Package for loading data from bgen files
Project description
Another bgen reader
This is a package for reading bgen files.
This package uses cython to wrap c++ code for parsing bgen files. It's fairly quick, it can parse genotypes from 500,000 individuals at ~300 variants per second within a single python process (~450 million probabilities per second with a 3GHz CPU). Decompressing the genotype probabilities is the slow step, zlib decompression takes 80% of the total time, using zstd compressed genotypes would be much faster, maybe 2-3X faster?
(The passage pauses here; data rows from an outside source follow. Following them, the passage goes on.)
lemma mult_le_sqrt_one_minus_sq:
  fixes \<sigma> x p :: real
  assumes "0 \<le> \<sigma>" "\<sigma> \<le> x" "x\<^sup>2 + p\<^sup>2 \<le> 1"
  shows "\<sigma> * p \<le> sqrt (1 - \<sigma>\<^sup>2) * x"
proof -
  have "\<sigma>\<^sup>2 \<le> x\<^sup>2" using assms by (intro power_mono) auto
  have "\<sigma>\<^sup>2 * p\<^sup>2 \<le> \<sigma>\<^sup>2 * (1 - x\<^sup>2)" using assms(3) by (intro mult_left_mono) auto
  also have "\<dots> \<le> (1 - \<sigma>\<^sup>2) * x\<^sup>2" using \<open>\<sigma>\<^sup>2 \<le> x\<^sup>2\<close> by (simp add: algebra_simps)
  finally have "\<sigma>\<^sup>2 * p\<^sup>2 \<le> (1 - \<sigma>\<^sup>2) * x\<^sup>2" .
  moreover have nn: "0 \<le> 1 - \<sigma>\<^sup>2" using \<open>\<sigma>\<^sup>2 \<le> x\<^sup>2\<close> assms(3) zero_le_power2[of p] by linarith
  ultimately have "(\<sigma> * p)\<^sup>2 \<le> (sqrt (1 - \<sigma>\<^sup>2) * x)\<^sup>2" by (simp add: power_mult_distrib)
  moreover have "0 \<le> sqrt (1 - \<sigma>\<^sup>2) * x" using assms(1,2) nn by simp
  ultimately show ?thesis by (rule power2_le_imp_le)
qed

lemma tilted_in_spolar:
  fixes X P :: "'a::euclidean_space"
  assumes X: "norm X = 1" and P: "norm P = 1" and XP: "X \<bullet> P = 0"
    and \<sigma>: "0 \<le> \<sigma>" "\<sigma> \<le> 1" and U: "U \<subseteq> sphere 0 1"
    and h: "\<forall>Z\<in>U. \<sigma> \<le> X \<bullet> Z \<and> 0 \<le> P \<bullet> Z"
  shows "(- \<sigma>) *\<^sub>R P + sqrt (1 - \<sigma>\<^sup>2) *\<^sub>R X \<in> spolar U"
proof -
  define s where "s = sqrt (1 - \<sigma>\<^sup>2)"
  have "\<sigma>\<^sup>2 \<le> 1" using \<sigma> by (simp add: power_le_one)
  then have ss: "s * s = 1 - \<sigma> * \<sigma>" by (simp add: s_def power2_eq_square)
  have XX: "X \<bullet> X = 1" and PP: "P \<bullet> P = 1" using X P by (simp_all add: norm_eq_1)
  have "norm ((- \<sigma>) *\<^sub>R P + s *\<^sub>R X) = 1"
    unfolding norm_eq_1 using XP
    by (simp add: inner_add_left inner_add_right inner_diff_left inner_diff_right XX PP inner_commute ss)
  moreover have "0 \<le> Z \<bullet> ((- \<sigma>) *\<^sub>R P + s *\<^sub>R X)" if Z: "Z \<in> U" for Z
  proof -
    have "(X \<bullet> Z)\<^sup>2 + (P \<bullet> Z)\<^sup>2 \<le> 1" using orthonormal_pair_inner_sq_le[OF X P XP] Z U by auto
    then have "\<sigma> * (P \<bullet> Z) \<le> s * (X \<bullet> Z)"
      unfolding s_def using mult_le_sqrt_one_minus_sq \<sigma>(1) h Z by blast
    then show ?thesis by (simp add: inner_add_right inner_diff_right inner_commute[of Z])
  qed
  ultimately show ?thesis by (simp add: spolar_def s_def)
qed
lemma cinner_scaleC_right: "cinner x (scaleC r y) = cnj r * cinner (x::'a::complex_inner) y"
  by (metis cinner_scaleC_left cinner_commute complex_cnj_mult)

lemma cinner_zero_right [simp]: "cinner (x::'a::complex_inner) 0 = 0"
  using cinner_add_right[of x 0 0] by simp

lemma cinner_diff_left: "cinner (x - y) (z::'a::complex_inner) = cinner x z - cinner y z"
  using cinner_add_left[of "x - y" y z] by (simp add: eq_diff_eq)

lemma cinner_diff_right: "cinner x (y - z::'a::complex_inner) = cinner x y - cinner x z"
  using cinner_add_right[of x "y - z" z] by (simp add: eq_diff_eq)

lemma cinner_self: "cinner x x = complex_of_real ((norm (x::'a::complex_inner))\<^sup>2)"
  using cinner_pos[of x] norm_eq_sqrt_cinner[of x] by (simp add: complex_eq_iff)

lemma scaleC_zero_left [simp]: "scaleC 0 (x::'a::complex_vector) = 0"
  using scaleC_add_left[of 0 0 x] by simp

lemma norm_scaleC: "norm (scaleC c x) = cmod c * norm (x::'a::complex_inner)"
proof -
  have "cinner (scaleC c x) (scaleC c x) = (c * cnj c) * cinner x x"
    by (simp add: cinner_scaleC_left cinner_scaleC_right)
  then have "complex_of_real ((norm (scaleC c x))\<^sup>2) = complex_of_real ((cmod c)\<^sup>2 * (norm x)\<^sup>2)"
    by (simp only: cinner_self complex_norm_square[symmetric] of_real_mult)
  then have "(norm (scaleC c x))\<^sup>2 = (cmod c * norm x)\<^sup>2"
    by (simp only: of_real_eq_iff power_mult_distrib)
  then show ?thesis by (rule power2_eq_imp_eq) auto
qed

lemma cinner_eqI:
  fixes v w :: "'a::complex_inner"
  assumes "\<And>a. cinner a v = cinner a w"
  shows "v = w"
proof -
  have "cinner (v - w) (v - w) = 0"
    using assms[of "v - w"] by (simp add: cinner_diff_right)
  then show ?thesis by (simp add: cinner_eq_zero_iff)
qed

lemma norm_sub_projection_square:
  fixes x n :: "'a::complex_inner"
  assumes "n \<noteq> 0"
  shows "(norm (x + scaleC (- (cinner x n / complex_of_real ((norm n)\<^sup>2))) n))\<^sup>2
         = (norm x)\<^sup>2 - (cmod (cinner x n))\<^sup>2 / (norm n)\<^sup>2"
proof -
  define a where "a = cinner x n"
  define N where "N = (norm n)\<^sup>2"
  define X where "X = (norm x)\<^sup>2"
  define t where "t = - (a / complex_of_real N)"
  have N: "N > 0" using assms by (simp add: N_def)
  have "complex_of_real ((norm (x + scaleC t n))\<^sup>2) = cinner (x + scaleC t n) (x + scaleC t n)"
    by (rule cinner_self[symmetric])
  also have "\<dots> = cinner x x + cnj t * a + t * cnj a + t * cnj t * cinner n n"
    by (simp add: cinner_add_left cinner_add_right cinner_scaleC_left cinner_scaleC_right
        a_def cinner_commute[of n x] algebra_simps)
  also have "\<dots> = of_real X - a * cnj a / of_real N"
    using N by (simp only: cinner_self X_def N_def[symmetric]) (simp add: t_def field_simps)
  also have "\<dots> = of_real (X - (cmod a)\<^sup>2 / N)"
    using complex_norm_square[of a] by simp
  finally show ?thesis unfolding t_def a_def N_def X_def by (simp only: of_real_eq_iff)
qed

lemma norm_cinner_le: "cmod (cinner x y) \<le> norm x * norm (y::'a::complex_inner)"
proof (cases "y = 0")
  case False
  have "0 \<le> (norm x)\<^sup>2 - (cmod (cinner x y))\<^sup>2 / (norm y)\<^sup>2"
    using norm_sub_projection_square[OF False, of x] by (metis zero_le_power2)
  then have "(cmod (cinner x y))\<^sup>2 \<le> (norm x * norm y)\<^sup>2"
    using False by (simp add: field_simps power_mult_distrib)
  then show ?thesis by (rule power2_le_imp_le) simp
qed simp

lemma cinner_eq_0_if_norm_minimal:
  fixes x n :: "'a::complex_inner"
  assumes "\<And>t. norm x \<le> norm (x + scaleC t n)"
  shows "cinner x n = 0"
proof (cases "n = 0")
  case False
  let ?t = "- (cinner x n / complex_of_real ((norm n)\<^sup>2))"
  have "(norm x)\<^sup>2 \<le> (norm (x + scaleC ?t n))\<^sup>2"
    using assms by (simp add: power_mono)
  then have "(cmod (cinner x n))\<^sup>2 / (norm n)\<^sup>2 \<le> 0"
    by (simp only: norm_sub_projection_square[OF False])
  then show ?thesis using False by (simp add: divide_le_0_iff)
qed simp

lemma parallelogram_law:
  "(norm (x + y))\<^sup>2 + (norm (x - y))\<^sup>2 = 2 * (norm x)\<^sup>2 + 2 * (norm (y::'a::complex_inner))\<^sup>2"
proof -
  have "cinner (x + y) (x + y) + cinner (x - y) (x - y) = 2 * cinner x x + 2 * cinner y y"
    by (simp add: cinner_add_left cinner_add_right cinner_diff_left cinner_diff_right algebra_simps)
  then have "complex_of_real ((norm (x + y))\<^sup>2 + (norm (x - y))\<^sup>2)
      = complex_of_real (2 * (norm x)\<^sup>2 + 2 * (norm y)\<^sup>2)"
    by (simp add: cinner_self)
  then show ?thesis by (simp only: of_real_eq_iff)
qed
lemma gauss_binom_Suc_Suc':
  "gauss_binom Y (Suc N) (Suc m) = gauss_binom Y N (Suc m) + Y ^ (N - m) * gauss_binom Y N m"
proof (induction N arbitrary: m)
  case (Suc N)
  show ?case
  proof (cases m)
    case 0
    then show ?thesis
      using Suc.IH[of 0] by (simp add: algebra_simps)
  next
    case (Suc m')
    have "gauss_binom Y (Suc (Suc N)) (Suc m)
        = Y ^ Suc m * (gauss_binom Y N (Suc m) + Y ^ (N - m) * gauss_binom Y N m)
          + (gauss_binom Y N (Suc m') + Y ^ (N - m') * gauss_binom Y N m')"
      using Suc.IH[of m] Suc.IH[of m'] Suc by simp
    also have "\<dots> = (Y ^ Suc m * gauss_binom Y N (Suc m) + gauss_binom Y N m)
                   + Y ^ (Suc N - m) * (Y ^ m * gauss_binom Y N m + gauss_binom Y N m')"
    proof (cases "m \<le> N")
      case True
      then have "Y ^ Suc m * Y ^ (N - m) = Y ^ (Suc N - m) * Y ^ m"
        by (simp flip: power_add add: Suc_diff_le)
      then show ?thesis
        using Suc by (simp add: algebra_simps)
    next
      case False
      then show ?thesis
        using Suc by (simp add: gauss_binom_eq_0 algebra_simps)
    qed
    also have "\<dots> = gauss_binom Y (Suc N) (Suc m) + Y ^ (Suc N - m) * gauss_binom Y (Suc N) m"
      using Suc by simp
    finally show ?thesis .
  qed
qed simp

lemma gauss_binom_mult_euler_prod:
  "m \<le> N \<Longrightarrow> gauss_binom Y N m * euler_prod Y 1 m * euler_prod Y 1 (N - m) = euler_prod Y 1 N"
proof (induction N arbitrary: m)
  case (Suc N)
  define P where "P = euler_prod Y 1"
  show ?case
  proof (cases m)
    case (Suc m')
    show ?thesis
    proof (cases "m' = N")
      case True
      then show ?thesis
        using Suc.IH[of m'] Suc by (simp add: gauss_binom_eq_0 euler_prod_Suc algebra_simps)
    next
      case False
      with Suc Suc.prems have lt: "Suc m' \<le> N"
        by simp
      have IH1: "gauss_binom Y N (Suc m') * P (Suc m') * P (N - Suc m') = P N"
        using Suc.IH[of "Suc m'"] lt by (simp add: P_def)
      have IH2: "gauss_binom Y N m' * P m' * P (N - m') = P N"
        using Suc.IH[of m'] lt by (simp add: P_def)
      have split: "P (N - m') = P (N - Suc m') * (1 - Y ^ (N - m'))"
        using euler_prod_Suc[of Y 1 "N - Suc m'"] lt by (simp add: P_def Suc_diff_Suc)
      have "Suc m' + (N - m') = Suc N"
        using lt by simp
      then have pow: "Y ^ Suc m' * Y ^ (N - m') = Y ^ Suc N"
        by (metis power_add)
      have "gauss_binom Y (Suc N) m * P m * P (Suc N - m)
          = (Y ^ Suc m' * gauss_binom Y N (Suc m') + gauss_binom Y N m') * P (Suc m') * P (N - m')"
        using Suc by simp
      also have "\<dots> = Y ^ Suc m' * (1 - Y ^ (N - m'))
                        * (gauss_binom Y N (Suc m') * P (Suc m') * P (N - Suc m'))
                      + (1 - Y ^ Suc m') * (gauss_binom Y N m' * P m' * P (N - m'))"
        unfolding split by (simp add: P_def euler_prod_Suc algebra_simps)
      also have "\<dots> = P N * (1 - Y ^ Suc m' * Y ^ (N - m'))"
        unfolding IH1 IH2 by (simp add: algebra_simps)
      also have "\<dots> = P (Suc N)"
        unfolding pow by (simp add: P_def euler_prod_Suc)
      finally show ?thesis
        by (simp add: P_def)
    qed
  qed simp
qed simp

(* x(x - 1)/2 is a nonnegative integer for every integer x, so nat loses nothing. *)
definition choose2 :: "int \<Rightarrow> nat" where
  "choose2 x = nat (x * (x - 1) div 2)"

lemma of_nat_choose2: "2 * int (choose2 x) = x * (x - 1)"
proof -
  have "even (x * (x - 1))"
    by auto
  moreover have "0 \<le> x * (x - 1)"
    by (cases "x \<ge> 1") (auto intro: mult_nonneg_nonneg mult_nonpos_nonpos)
  ultimately show ?thesis
    unfolding choose2_def by auto
qed

lemma choose2_shift_left: "m + choose2 (int m - int (Suc a)) = Suc a + choose2 (int m - int a)"
  using of_nat_choose2[of "int m - int (Suc a)"] of_nat_choose2[of "int m - int a"]
  by (simp add: algebra_simps)
lemma tens_eq_imp_parallel:
  assumes "tens a b = tens c d" "a \<noteq> 0" "b \<noteq> 0"
  obtains t where "t \<noteq> 0" "d = t *\<^sub>R b"
proof -
  have "transpose (tens a b) *v a = transpose (tens c d) *v a"
    using assms(1) by simp
  then have eq: "(a \<bullet> a) *\<^sub>R b = (c \<bullet> a) *\<^sub>R d"
    by (simp only: transpose_tens tens_mult_vec)
  then have "c \<bullet> a \<noteq> 0"
    using assms(2,3) by auto
  then have "d = (1 / (c \<bullet> a)) *\<^sub>R ((c \<bullet> a) *\<^sub>R d)"
    by simp
  also have "\<dots> = (1 / (c \<bullet> a)) *\<^sub>R ((a \<bullet> a) *\<^sub>R b)"
    by (simp only: eq)
  also have "\<dots> = ((a \<bullet> a) / (c \<bullet> a)) *\<^sub>R b"
    by simp
  finally have "d = ((a \<bullet> a) / (c \<bullet> a)) *\<^sub>R b" .
  moreover have "(a \<bullet> a) / (c \<bullet> a) \<noteq> 0"
    using assms(2) \<open>c \<bullet> a \<noteq> 0\<close> by simp
  ultimately show ?thesis
    using that by blast
qed

section \<open>Half-turns\<close>

lemma transpose_rot180: "transpose (rot180 e) = rot180 e"
  by (simp add: rot180_def tens_simps)

lemma rot180_minus: "rot180 (- e) = rot180 e"
  by (simp add: rot180_def tens_simps)

lemma rot180_mult:
  "rot180 x ** rot180 y = mat 1 - 2 *\<^sub>R tens x x - 2 *\<^sub>R tens y y + (4 * (x \<bullet> y)) *\<^sub>R tens x y"
  by (simp add: rot180_def tens_simps algebra_simps)

lemma rot180_conj:
  "rot180 w ** U ** rot180 w
     = U - 2 *\<^sub>R tens (U *v w) w - 2 *\<^sub>R tens w (transpose U *v w) + (4 * (w \<bullet> (U *v w))) *\<^sub>R tens w w"
  by (simp add: rot180_def tens_simps algebra_simps)

lemma rot180_involutive:
  assumes "norm e = 1"
  shows "rot180 e ** rot180 e = mat 1"
proof -
  have "e \<bullet> e = 1"
    using assms by (simp add: norm_eq_1)
  then show ?thesis
    unfolding rot180_mult by (simp add: tens_simps algebra_simps)
qed

lemma rot180_mult_orthonormal:
  assumes "x \<bullet> x = 1" "y \<bullet> y = 1" "x \<bullet> y = 0"
  shows "rot180 x ** rot180 y = rot180 (x \<times> y)"
proof -
  have "tens (x \<times> y) (x \<times> y) = mat 1 - tens x x - tens y y"
    using tens_cross_self[of x y] assms by simp
  then have "rot180 (x \<times> y) = - mat 1 + 2 *\<^sub>R (mat 1 - tens x x - tens y y)"
    by (simp add: rot180_def)
  also have "\<dots> = mat 1 - 2 *\<^sub>R tens x x - 2 *\<^sub>R tens y y"
    by (simp add: vec_eq_iff mat_def algebra_simps)
  also have "\<dots> = rot180 x ** rot180 y"
    using assms by (simp add: rot180_mult)
  finally show ?thesis
    by simp
qed

lemma rot180_conj_fixed_axis:
  assumes "transpose U = U" "U *v u = u" "u \<bullet> u = 1"
  shows "rot180 u ** U ** rot180 u = U"
  unfolding rot180_conj assms by (simp add: tens_simps algebra_simps)

text \<open>If U fixes a unit vector u orthogonal to e, the half-turn about e \<times> u is the half-turn
  about e composed with one that commutes with U.\<close>
lemma rot180_conj_other_axis:
  assumes U: "transpose U = U" and e: "norm e = 1" and Uw: "U *v w = w" and "w \<noteq> 0"
    and ew: "e \<bullet> w = 0"
  obtains e' where "norm e' = 1" "rot180 e' ** U ** rot180 e' = rot180 e ** U ** rot180 e"
    "e' \<noteq> e" "e' \<noteq> - e"
proof -
  define u where "u = (1 / norm w) *\<^sub>R w"
  have nu: "norm u = 1"
    using \<open>w \<noteq> 0\<close> by (simp add: u_def)
  then have uu: "u \<bullet> u = 1"
    by (simp add: norm_eq_1)
  have ee: "e \<bullet> e = 1"
    using e by (simp add: norm_eq_1)
  have eu: "e \<bullet> u = 0" "u \<bullet> e = 0"
    using ew by (simp_all add: u_def inner_commute)
  have Uu: "U *v u = u"
    using Uw by (simp add: u_def matrix_vector_mult_scaleR)
  have "rot180 e ** rot180 u = rot180 (e \<times> u)"
    using rot180_mult_orthonormal[OF ee uu eu(1)] .
  moreover have "rot180 u ** rot180 e = rot180 (e \<times> u)"
    using rot180_mult_orthonormal[OF uu ee eu(2)] by (simp add: cross_skew[of u e] rot180_minus)
  ultimately have "rot180 (e \<times> u) ** U ** rot180 (e \<times> u)
      = rot180 e ** (rot180 u ** U ** rot180 u) ** rot180 e"
    by (metis matrix_mul_assoc)
  also have "\<dots> = rot180 e ** U ** rot180 e"
    by (simp add: rot180_conj_fixed_axis[OF U Uu uu])
  finally have conj: "rot180 (e \<times> u) ** U ** rot180 (e \<times> u) = rot180 e ** U ** rot180 e" .
  have "norm (e \<times> u) = 1"
    using norm_cross_dot[of e u] e nu eu norm_ge_zero[of "e \<times> u"] by (auto simp: power2_eq_1_iff)
  moreover have "e \<bullet> (e \<times> u) = 0"
    by (simp add: dot_cross_self)
  ultimately show ?thesis
    using that conj ee by force
qed

section \<open>Symmetric positive-definite matrices\<close>

lemma inner_sym_matrix:
  fixes U :: "real^'n^'n"
  assumes "transpose U = U"
  shows "(U *v x) \<bullet> y = x \<bullet> (U *v y)"
proof -
  have "(U *v x) = x v* U"
    using assms transpose_matrix_vector[of U x] by simp
  then show ?thesis
    by (simp add: dot_lmul_matrix)
qed

lemma neg_mult_vec: "(- A) *v x = - (A *v x)" for A :: "real^'n^'m"
  by (simp add: matrix_vector_mult_def vec_eq_iff sum_negf)

lemma sym_pos_fixed_of_square_fixed:
  assumes U: "sym_pos_def U" and w: "U *v (U *v w) = w"
  shows "U *v w = w"
proof (rule ccontr)
  define v where "v = U *v w - w"
  assume "U *v w \<noteq> w"
  then have "v \<bullet> (U *v v) > 0"
    using U by (simp add: sym_pos_def_def v_def)
  moreover have "U *v v = - v"
    using w by (simp add: v_def matrix_vector_mult_diff_distrib)
  ultimately show False
    by (simp add: inner_ge_zero leD)
qed

lemma sym_pos_square_eq_id:
  assumes U: "sym_pos_def U" and "U ** U = mat 1"
  shows "U = mat 1"
  using sym_pos_fixed_of_square_fixed[OF U] assms(2)
  by (simp add: matrix_eq matrix_vector_mul_assoc)

lemma sym_pos_eq_id_of_orthogonal_inverse:
  assumes U: "sym_pos_def U" and Q: "orthogonal_matrix Q" and QU: "Q ** U = mat 1"
  shows "U = mat 1"
proof -
  have QtQ: "transpose Q ** Q = mat 1"
    using Q by (simp add: orthogonal_matrix_def)
  have "U = transpose Q ** (Q ** U)"
    using QtQ by (simp add: matrix_mul_assoc)
  then have "transpose Q = U"
    using QU by simp
  then have "Q = U"
    using U unfolding sym_pos_def_def by (metis transpose_transpose)
  then have "U ** U = mat 1"
    using QtQ \<open>transpose Q = U\<close> by simp
  then show ?thesis
    using sym_pos_square_eq_id[OF U] by simp
qed

lemma sym_pos_det_nonzero:
  assumes "sym_pos_def U"
  shows "det U \<noteq> 0"
proof
  assume "det U = 0"
  then have "\<not> inj ((*v) U)"
    using invertible_det_nz invertible_left_inverse matrix_left_invertible_injective by blast
  then obtain x y where "U *v x = U *v y" "x \<noteq> y"
    unfolding inj_def by blast
  then have "U *v (x - y) = 0" "x - y \<noteq> 0"
    by (simp_all add: matrix_vector_mult_diff_distrib)
  then show False
    using assms unfolding sym_pos_def_def by (metis inner_zero_right order_less_irrefl)
qed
This has been optimized for UKBiobank bgen files (i.e. bgen version 1.2 with zlib compressed 8-bit genotype probabilities, but the other bgen versions and zstd compression have also been tested using example bgen files).
Install
pip install bgen
Usage
from bgen import BgenReader
bfile = BgenReader(BGEN_PATH)
rsids = bfile.rsids()
# select a variant by indexing
var = bfile[1000]
# pull out genotype probabilities
probs = var.probabilities # returns 2D numpy array
dosage = var.minor_allele_dosage # returns 1D numpy array for biallelic variant
# iterate through every variant in the file
with BgenReader(BGEN_PATH, delay_parsing=True) as bfile:
for var in bfile:
dosage = var.minor_allele_dosage
# get all variants in a genomic region
variants = bfile.fetch('21', 10000, 5000000)
# or for writing bgen files
import numpy as np
from bgen import BgenWriter
geno = np.array([[1, 0, 0], [0, 1, 0], [0, 0, 1]]).astype(np.float64)
with BgenWriter(BGEN_PATH, n_samples=3) as bfile:
bfile.add_variant(varid='var1', rsid='rs1', chrom='chr1', pos=1,
alleles=['A', 'G'], genotypes=geno)
API documentation
class BgenReader(path, sample_path='', delay_parsing=False)
# opens a bgen file. If a bgenix index exists for the file, the index file
# will be opened automatically for quicker access of specific variants.
Arguments:
path: path to bgen file
sample_path: optional path to sample file. Samples will be given integer IDs
if sample file is not given and sample IDs not found in the bgen file
delay_parsing: True/False option to allow for not loading all variants into
memory when the BgenFile is opened. This can save time when iterating
across variants in the file
Attributes:
samples: list of sample IDs
header: BgenHeader with info about the bgen version and compression.
Methods:
slicing: BgenVars can be accessed by slicing the BgenFile e.g. bfile[1000]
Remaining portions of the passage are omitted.